In practice objects with state are usually represented by objects that have some variable members
class BankAccount {
private var balance = 0
def deposit(amount: Int): Unit = {
if (amount > 0) balance = balance + amount
}
def withdraw(amount: Int): Int = {
if (0 < amount && amount <= balance) {
balance = balance - amount
balance
} else throw new Error("Insufficient funds")
}
}
Assignment poses a new problem of deciding whether 2 expressions are "the same"

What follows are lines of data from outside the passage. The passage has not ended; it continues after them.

lemma direction_lp_no_certificate:
  fixes B C V :: "real mat" and l :: "(nat \<times> nat) + (nat \<times> nat) \<Rightarrow> real"
  assumes B: "B \<in> carrier_mat n r" and C: "C \<in> carrier_mat r r" "transpose_mat C = C"
    and no_certificate: "\<forall>X W. X \<in> carrier_mat n r \<and> nonneg_mat X \<and> W \<in> carrier_mat r r \<and> nonneg_mat W \<and>
      transpose_mat W = W \<and> hadamard X B = 0\<^sub>m n r \<and> hadamard W C = 0\<^sub>m r r \<and>
      W * C = transpose_mat B * X \<longrightarrow> X = 0\<^sub>m n r \<and> W = 0\<^sub>m r r"
    and l_nonneg: "\<forall>g \<in> ({..<n} \<times> {..<r}) <+> ({..<r} \<times> {..<r}). 0 \<le> l g"
    and balance: "\<forall>km \<in> {..<r} \<times> {..<r}.
      (\<Sum>g\<in>({..<n} \<times> {..<r}) <+> ({..<r} \<times> {..<r}). l g * direction_lp_coeff B C g km) = 0"
  shows "(\<Sum>g\<in>({..<n} \<times> {..<r}) <+> ({..<r} \<times> {..<r}). l g * direction_lp_rhs B C V g) = 0"
proof -
  define X where "X = mat n r (\<lambda>(i, j). if B $$ (i, j) = 0 then l (Inl (i, j)) else 0)"
  define W' where "W' = mat r r (\<lambda>(i, j). if C $$ (i, j) = 0 then l (Inr (i, j)) else 0)"
  have W': "W' \<in> carrier_mat r r" by (simp add: W'_def)
  have zero: "X = 0\<^sub>m n r \<and> W' + transpose_mat W' = 0\<^sub>m r r"
    using no_certificate direction_lp_multiplier_certificate[OF B C l_nonneg balance]
    unfolding X_def W'_def by blast
  have "l (Inl (i, j)) * direction_lp_rhs B C V (Inl (i, j)) = 0" if "i < n" "j < r" for i j
    using zero that by (auto simp: direction_lp_rhs_def X_def dest!: arg_cong[of _ _ "\<lambda>M. M $$ (i, j)"])
  moreover have "l (Inr (i, j)) * direction_lp_rhs B C V (Inr (i, j)) = 0" if "i < r" "j < r" for i j
  proof -
    have "W' $$ (i, j) + W' $$ (j, i) = 0"
      using arg_cong[OF conjunct2[OF zero], of "\<lambda>M. M $$ (i, j)"] that W' by simp
    moreover have "0 \<le> l (Inr (i, j))" "0 \<le> l (Inr (j, i))" using l_nonneg that by auto
    ultimately show ?thesis
      using that by (simp add: direction_lp_rhs_def W'_def symmetric_mat_index[OF C] split: if_splits)
  qed
  ultimately show ?thesis by (simp add: sum.Plus sum_grid sum.neutral)
qed

lemma exists_first_order_direction:
  fixes B C V :: "real mat"
  assumes B: "B \<in> carrier_mat n r" and C: "C \<in> carrier_mat r r" "transpose_mat C = C"
    and no_certificate: "\<forall>X W. X \<in> carrier_mat n r \<and> nonneg_mat X \<and> W \<in> carrier_mat r r \<and> nonneg_mat W \<and>
      transpose_mat W = W \<and> hadamard X B = 0\<^sub>m n r \<and> hadamard W C = 0\<^sub>m r r \<and>
      W * C = transpose_mat B * X \<longrightarrow> X = 0\<^sub>m n r \<and> W = 0\<^sub>m r r"
  shows "\<exists>D \<in> carrier_mat r r. (\<forall>i<n. \<forall>j<r. B $$ (i, j) = 0 \<longrightarrow> (B * D) $$ (i, j) < 0) \<and>
    (\<forall>i<r. \<forall>j<r. C $$ (i, j) = 0 \<longrightarrow> V $$ (i, j) < (D * C + C * transpose_mat D) $$ (i, j))"
proof -
  have "finite (({..<n} \<times> {..<r}) <+> ({..<r} \<times> {..<r}))" "finite ({..<r} \<times> {..<r})" by auto
  from farkas_lemma[OF this, of "direction_lp_rhs B C V" "direction_lp_coeff B C"]
  show ?thesis
  proof (elim disjE exE conjE)
    fix x assume "\<forall>g \<in> ({..<n} \<times> {..<r}) <+> ({..<r} \<times> {..<r}).
      direction_lp_rhs B C V g \<le> (\<Sum>kl\<in>{..<r} \<times> {..<r}. direction_lp_coeff B C g kl * x kl)"
    from direction_lp_solution[OF B C(1) this] show ?thesis
      by (intro bexI[of _ "mat r r x"]) auto
  next
    fix l assume "\<forall>g \<in> ({..<n} \<times> {..<r}) <+> ({..<r} \<times> {..<r}). 0 \<le> l g"
      and "\<forall>km \<in> {..<r} \<times> {..<r}.
        (\<Sum>g\<in>({..<n} \<times> {..<r}) <+> ({..<r} \<times> {..<r}). l g * direction_lp_coeff B C g km) = 0"
      and "0 < (\<Sum>g\<in>({..<n} \<times> {..<r}) <+> ({..<r} \<times> {..<r}). l g * direction_lp_rhs B C V g)"
    with direction_lp_no_certificate[OF B C no_certificate] show ?thesis by simp
  qed
qed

when we exclude an assignment we write:
val x = E; val y = E, where E is an arbitrary expression, then it is reasonable to assume x and y are the same, we cold have written as
val x = E; val y = x
this is called Referential Transparency
operational equivalence: suppose we have 2 definitions of x and y, x and y are operationally equivalent if no possible test can distinguish between them
variables model all imperative programs, but what about loops? eg:
def power(x: Double, exp: Int): Double = {
var r = 1.0
var i = exp
while(i > 0) { r = r * x; i = i - 1}
r
}
how to write a function implementing a repeat loop: def REPEAT (command: => Unit)(condition: => Boolean) = { command if(condition) () REPEAT(command)(condition) }
the classical for loop in java cannot be modeled simply by a higher-order function, the reason is that in a Java program,
for( int i = 1; i < 3; i = i + 1) { System.out.println(i + " "); }
the arguments of for
contain the declaration of the variable i
, which is visible in other arguments and in the body.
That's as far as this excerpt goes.